- [Exercise prompt]: On how many lines of these entries does the word "cong" occur? State the number alone.

• • •

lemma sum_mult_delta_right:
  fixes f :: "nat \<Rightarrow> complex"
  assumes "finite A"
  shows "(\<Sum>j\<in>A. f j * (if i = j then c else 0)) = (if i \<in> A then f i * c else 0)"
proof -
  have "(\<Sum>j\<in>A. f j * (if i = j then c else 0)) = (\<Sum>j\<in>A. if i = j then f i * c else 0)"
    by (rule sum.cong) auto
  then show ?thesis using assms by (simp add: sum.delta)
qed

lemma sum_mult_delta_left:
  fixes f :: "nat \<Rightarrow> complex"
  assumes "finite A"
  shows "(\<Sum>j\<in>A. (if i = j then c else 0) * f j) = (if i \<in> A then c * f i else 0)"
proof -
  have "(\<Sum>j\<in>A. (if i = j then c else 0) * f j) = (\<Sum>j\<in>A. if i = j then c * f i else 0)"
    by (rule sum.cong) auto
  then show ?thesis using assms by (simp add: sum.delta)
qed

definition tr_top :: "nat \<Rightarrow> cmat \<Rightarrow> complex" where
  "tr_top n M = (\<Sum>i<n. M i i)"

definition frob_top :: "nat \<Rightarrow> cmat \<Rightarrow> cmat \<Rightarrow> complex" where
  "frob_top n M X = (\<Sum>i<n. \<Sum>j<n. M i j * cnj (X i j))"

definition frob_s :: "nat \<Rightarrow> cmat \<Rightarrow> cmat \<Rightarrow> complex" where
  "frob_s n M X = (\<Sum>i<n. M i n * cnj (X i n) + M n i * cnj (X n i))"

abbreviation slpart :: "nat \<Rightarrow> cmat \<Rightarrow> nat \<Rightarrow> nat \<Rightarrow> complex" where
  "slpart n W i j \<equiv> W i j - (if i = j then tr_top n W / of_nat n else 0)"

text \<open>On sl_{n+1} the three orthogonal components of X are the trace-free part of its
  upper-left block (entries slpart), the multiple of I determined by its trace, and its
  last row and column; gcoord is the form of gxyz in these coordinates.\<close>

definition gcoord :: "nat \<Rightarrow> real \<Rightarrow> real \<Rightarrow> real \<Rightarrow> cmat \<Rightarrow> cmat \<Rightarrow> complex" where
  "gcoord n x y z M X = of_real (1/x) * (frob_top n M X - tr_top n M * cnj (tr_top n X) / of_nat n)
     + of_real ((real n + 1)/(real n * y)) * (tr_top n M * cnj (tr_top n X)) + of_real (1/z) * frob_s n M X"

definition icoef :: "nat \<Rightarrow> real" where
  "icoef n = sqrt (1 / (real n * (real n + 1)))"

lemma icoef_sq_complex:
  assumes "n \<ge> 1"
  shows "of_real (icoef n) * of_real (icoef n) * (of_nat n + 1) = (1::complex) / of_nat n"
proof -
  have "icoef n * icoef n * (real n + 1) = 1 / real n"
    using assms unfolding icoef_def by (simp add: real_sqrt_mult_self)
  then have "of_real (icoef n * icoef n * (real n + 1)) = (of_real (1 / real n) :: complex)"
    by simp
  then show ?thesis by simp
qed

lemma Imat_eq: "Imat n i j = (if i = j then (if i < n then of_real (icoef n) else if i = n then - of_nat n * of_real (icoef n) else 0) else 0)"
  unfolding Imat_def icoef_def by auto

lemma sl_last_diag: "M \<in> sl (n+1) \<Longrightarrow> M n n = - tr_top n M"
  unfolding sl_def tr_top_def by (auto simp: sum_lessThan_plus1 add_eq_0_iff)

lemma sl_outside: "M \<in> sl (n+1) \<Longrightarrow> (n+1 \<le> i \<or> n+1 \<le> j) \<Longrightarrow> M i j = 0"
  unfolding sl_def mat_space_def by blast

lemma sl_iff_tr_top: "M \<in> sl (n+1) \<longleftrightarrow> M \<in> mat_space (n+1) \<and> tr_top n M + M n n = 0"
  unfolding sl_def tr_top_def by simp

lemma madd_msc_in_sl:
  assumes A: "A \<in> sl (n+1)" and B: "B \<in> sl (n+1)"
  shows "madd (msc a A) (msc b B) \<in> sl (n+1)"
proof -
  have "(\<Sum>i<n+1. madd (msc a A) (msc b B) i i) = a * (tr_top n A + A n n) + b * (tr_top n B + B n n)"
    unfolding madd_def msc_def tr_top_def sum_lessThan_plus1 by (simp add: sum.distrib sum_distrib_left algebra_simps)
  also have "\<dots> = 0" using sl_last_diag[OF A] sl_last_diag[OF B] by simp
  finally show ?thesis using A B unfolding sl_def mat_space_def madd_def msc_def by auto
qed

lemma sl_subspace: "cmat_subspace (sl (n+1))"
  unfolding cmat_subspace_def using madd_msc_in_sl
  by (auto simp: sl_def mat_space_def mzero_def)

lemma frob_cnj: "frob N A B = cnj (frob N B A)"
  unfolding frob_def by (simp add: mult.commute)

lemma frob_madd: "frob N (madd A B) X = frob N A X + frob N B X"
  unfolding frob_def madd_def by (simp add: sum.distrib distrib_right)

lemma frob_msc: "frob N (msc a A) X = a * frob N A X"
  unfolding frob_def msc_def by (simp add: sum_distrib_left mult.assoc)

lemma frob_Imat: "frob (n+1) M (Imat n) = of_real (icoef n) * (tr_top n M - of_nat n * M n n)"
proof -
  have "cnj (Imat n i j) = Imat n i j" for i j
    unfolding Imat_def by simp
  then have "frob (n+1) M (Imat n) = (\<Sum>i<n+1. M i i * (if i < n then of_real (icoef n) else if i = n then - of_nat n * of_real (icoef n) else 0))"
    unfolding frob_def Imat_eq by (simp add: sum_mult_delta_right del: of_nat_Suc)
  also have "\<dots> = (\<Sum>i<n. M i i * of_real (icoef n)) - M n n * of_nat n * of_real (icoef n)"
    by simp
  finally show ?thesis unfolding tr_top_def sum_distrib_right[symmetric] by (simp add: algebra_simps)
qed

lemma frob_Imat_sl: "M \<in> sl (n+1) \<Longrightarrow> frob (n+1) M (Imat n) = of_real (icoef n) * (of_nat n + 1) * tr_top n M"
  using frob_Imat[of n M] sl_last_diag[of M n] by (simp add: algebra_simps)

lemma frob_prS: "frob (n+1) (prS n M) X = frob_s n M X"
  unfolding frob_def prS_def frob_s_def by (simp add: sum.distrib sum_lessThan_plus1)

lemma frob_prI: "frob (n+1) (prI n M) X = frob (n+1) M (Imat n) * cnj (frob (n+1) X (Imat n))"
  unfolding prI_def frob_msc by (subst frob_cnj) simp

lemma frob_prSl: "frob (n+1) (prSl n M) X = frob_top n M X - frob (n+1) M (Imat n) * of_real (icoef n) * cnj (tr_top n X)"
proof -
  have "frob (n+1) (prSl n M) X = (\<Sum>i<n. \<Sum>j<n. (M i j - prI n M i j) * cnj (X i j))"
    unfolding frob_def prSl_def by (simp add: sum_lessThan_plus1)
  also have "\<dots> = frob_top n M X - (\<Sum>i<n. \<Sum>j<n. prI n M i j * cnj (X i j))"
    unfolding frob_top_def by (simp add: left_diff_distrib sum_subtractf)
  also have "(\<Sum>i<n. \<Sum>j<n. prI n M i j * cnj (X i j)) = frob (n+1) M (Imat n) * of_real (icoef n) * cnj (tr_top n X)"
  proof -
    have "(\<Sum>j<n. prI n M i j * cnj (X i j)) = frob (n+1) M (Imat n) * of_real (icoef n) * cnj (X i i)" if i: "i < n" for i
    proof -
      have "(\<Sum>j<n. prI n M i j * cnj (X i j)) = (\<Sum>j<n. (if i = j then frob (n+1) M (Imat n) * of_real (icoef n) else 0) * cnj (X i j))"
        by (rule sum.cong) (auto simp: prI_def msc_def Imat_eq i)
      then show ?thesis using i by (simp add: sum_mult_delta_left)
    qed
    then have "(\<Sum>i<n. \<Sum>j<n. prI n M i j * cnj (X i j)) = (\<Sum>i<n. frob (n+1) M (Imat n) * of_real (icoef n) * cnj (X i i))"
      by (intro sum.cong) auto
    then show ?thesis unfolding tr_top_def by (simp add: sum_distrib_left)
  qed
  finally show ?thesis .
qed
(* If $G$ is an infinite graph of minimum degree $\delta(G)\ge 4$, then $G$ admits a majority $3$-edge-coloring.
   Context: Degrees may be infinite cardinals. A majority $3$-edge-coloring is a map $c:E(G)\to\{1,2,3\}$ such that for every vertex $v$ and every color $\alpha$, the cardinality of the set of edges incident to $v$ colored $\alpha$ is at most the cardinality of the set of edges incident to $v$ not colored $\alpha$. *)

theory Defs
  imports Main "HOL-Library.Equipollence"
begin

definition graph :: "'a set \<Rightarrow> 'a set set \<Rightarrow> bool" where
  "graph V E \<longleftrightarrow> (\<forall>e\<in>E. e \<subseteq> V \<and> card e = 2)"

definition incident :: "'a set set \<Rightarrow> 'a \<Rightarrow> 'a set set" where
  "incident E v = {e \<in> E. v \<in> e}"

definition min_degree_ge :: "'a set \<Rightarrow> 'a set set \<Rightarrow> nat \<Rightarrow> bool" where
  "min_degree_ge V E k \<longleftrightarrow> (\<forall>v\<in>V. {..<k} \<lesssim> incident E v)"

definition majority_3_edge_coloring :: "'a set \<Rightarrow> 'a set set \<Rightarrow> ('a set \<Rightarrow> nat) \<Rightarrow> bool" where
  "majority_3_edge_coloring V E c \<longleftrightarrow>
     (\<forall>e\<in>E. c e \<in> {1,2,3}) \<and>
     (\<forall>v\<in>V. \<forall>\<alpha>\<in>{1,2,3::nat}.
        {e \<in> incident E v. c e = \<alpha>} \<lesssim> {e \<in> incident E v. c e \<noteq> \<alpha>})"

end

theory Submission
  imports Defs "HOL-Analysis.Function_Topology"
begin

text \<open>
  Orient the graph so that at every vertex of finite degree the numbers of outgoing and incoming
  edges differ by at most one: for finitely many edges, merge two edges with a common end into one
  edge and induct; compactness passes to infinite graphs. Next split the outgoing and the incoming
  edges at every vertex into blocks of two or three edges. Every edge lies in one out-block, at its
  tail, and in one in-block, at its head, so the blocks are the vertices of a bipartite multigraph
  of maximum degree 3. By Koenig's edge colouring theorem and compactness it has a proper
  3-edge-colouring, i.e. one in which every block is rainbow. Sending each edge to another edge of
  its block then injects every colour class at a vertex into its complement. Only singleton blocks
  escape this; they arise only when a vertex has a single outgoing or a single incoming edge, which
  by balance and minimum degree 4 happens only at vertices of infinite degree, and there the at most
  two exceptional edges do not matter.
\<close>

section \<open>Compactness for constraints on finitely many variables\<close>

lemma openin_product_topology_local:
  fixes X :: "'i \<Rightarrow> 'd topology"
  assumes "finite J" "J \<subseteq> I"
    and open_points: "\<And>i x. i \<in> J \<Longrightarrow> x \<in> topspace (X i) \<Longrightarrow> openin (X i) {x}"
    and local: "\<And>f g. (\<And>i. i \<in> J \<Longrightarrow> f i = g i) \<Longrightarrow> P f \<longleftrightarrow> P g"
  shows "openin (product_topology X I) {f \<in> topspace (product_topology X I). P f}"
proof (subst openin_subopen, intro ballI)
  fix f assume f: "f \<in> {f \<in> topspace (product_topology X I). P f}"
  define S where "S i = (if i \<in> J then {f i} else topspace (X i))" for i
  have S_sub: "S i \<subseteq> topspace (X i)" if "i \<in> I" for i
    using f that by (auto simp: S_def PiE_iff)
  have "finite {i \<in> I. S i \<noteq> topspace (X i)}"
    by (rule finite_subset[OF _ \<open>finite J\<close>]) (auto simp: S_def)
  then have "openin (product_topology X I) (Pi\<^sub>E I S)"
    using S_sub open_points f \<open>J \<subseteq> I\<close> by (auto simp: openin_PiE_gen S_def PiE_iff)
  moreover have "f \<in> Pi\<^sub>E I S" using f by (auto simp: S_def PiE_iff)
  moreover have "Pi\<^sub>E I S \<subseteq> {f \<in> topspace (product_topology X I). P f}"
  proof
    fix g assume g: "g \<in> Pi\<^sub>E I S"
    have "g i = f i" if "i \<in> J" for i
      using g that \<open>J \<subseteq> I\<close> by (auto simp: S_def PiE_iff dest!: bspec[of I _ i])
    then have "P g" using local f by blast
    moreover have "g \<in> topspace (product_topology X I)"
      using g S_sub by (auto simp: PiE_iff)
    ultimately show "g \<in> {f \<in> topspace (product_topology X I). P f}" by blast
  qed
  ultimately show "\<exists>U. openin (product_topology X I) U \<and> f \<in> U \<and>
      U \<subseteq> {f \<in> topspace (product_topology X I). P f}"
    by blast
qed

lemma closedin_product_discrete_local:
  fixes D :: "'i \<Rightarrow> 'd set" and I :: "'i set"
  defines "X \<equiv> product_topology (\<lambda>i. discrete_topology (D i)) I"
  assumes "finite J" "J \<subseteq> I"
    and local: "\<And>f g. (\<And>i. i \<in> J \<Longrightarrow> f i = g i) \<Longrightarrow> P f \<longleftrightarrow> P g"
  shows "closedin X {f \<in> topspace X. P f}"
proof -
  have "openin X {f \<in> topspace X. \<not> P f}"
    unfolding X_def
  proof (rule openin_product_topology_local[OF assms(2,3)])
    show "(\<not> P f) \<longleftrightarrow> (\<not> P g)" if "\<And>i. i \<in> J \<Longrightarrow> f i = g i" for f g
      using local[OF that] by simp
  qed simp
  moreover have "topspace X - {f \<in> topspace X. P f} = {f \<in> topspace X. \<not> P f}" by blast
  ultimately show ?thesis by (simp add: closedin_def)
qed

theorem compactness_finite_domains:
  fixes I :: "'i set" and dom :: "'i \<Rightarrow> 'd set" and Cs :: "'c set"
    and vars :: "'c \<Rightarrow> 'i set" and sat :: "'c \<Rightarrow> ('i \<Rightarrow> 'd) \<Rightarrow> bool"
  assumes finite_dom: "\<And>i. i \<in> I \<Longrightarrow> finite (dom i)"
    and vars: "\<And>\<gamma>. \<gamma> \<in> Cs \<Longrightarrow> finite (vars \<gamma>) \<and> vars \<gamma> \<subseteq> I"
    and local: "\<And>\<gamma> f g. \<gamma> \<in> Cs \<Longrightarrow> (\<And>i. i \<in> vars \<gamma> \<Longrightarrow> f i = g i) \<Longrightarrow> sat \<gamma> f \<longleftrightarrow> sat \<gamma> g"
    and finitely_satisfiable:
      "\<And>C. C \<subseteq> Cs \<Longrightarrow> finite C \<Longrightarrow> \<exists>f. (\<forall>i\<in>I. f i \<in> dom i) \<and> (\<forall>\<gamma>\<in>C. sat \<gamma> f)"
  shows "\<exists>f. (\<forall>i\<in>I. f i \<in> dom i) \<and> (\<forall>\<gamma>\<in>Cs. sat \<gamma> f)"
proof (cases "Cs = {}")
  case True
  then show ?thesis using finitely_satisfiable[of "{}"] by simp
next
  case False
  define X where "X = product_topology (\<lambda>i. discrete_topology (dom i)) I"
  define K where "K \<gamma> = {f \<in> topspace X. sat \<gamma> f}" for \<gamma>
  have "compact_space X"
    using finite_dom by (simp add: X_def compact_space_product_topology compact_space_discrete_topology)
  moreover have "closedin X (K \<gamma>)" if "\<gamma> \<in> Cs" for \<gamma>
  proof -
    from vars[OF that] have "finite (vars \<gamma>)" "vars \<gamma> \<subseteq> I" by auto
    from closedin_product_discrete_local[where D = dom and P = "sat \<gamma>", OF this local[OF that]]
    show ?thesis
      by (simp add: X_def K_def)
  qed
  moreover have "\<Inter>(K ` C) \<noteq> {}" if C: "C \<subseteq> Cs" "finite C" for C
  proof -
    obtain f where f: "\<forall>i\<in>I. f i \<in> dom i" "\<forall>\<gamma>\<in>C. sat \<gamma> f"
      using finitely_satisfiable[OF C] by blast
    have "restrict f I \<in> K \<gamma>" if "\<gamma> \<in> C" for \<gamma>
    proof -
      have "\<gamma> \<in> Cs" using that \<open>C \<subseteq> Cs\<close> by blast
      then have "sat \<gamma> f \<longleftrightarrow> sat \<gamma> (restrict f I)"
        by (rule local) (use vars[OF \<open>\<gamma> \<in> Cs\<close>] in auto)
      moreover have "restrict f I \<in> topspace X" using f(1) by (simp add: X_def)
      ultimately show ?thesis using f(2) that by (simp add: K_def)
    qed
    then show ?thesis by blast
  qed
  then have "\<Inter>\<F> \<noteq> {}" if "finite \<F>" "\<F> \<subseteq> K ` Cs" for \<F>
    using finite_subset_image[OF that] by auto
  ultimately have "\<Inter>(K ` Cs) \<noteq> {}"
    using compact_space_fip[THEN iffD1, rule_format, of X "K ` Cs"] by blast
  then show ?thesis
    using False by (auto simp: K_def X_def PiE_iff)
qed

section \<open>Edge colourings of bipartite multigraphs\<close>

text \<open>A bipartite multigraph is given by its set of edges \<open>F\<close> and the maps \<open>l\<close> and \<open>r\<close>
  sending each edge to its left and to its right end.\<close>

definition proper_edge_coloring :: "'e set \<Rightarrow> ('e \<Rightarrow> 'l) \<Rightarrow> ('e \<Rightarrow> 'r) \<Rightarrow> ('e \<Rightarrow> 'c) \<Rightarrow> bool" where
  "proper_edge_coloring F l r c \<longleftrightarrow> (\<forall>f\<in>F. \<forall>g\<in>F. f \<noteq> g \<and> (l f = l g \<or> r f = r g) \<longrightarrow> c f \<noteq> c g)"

• • •

- [Written solution]: 4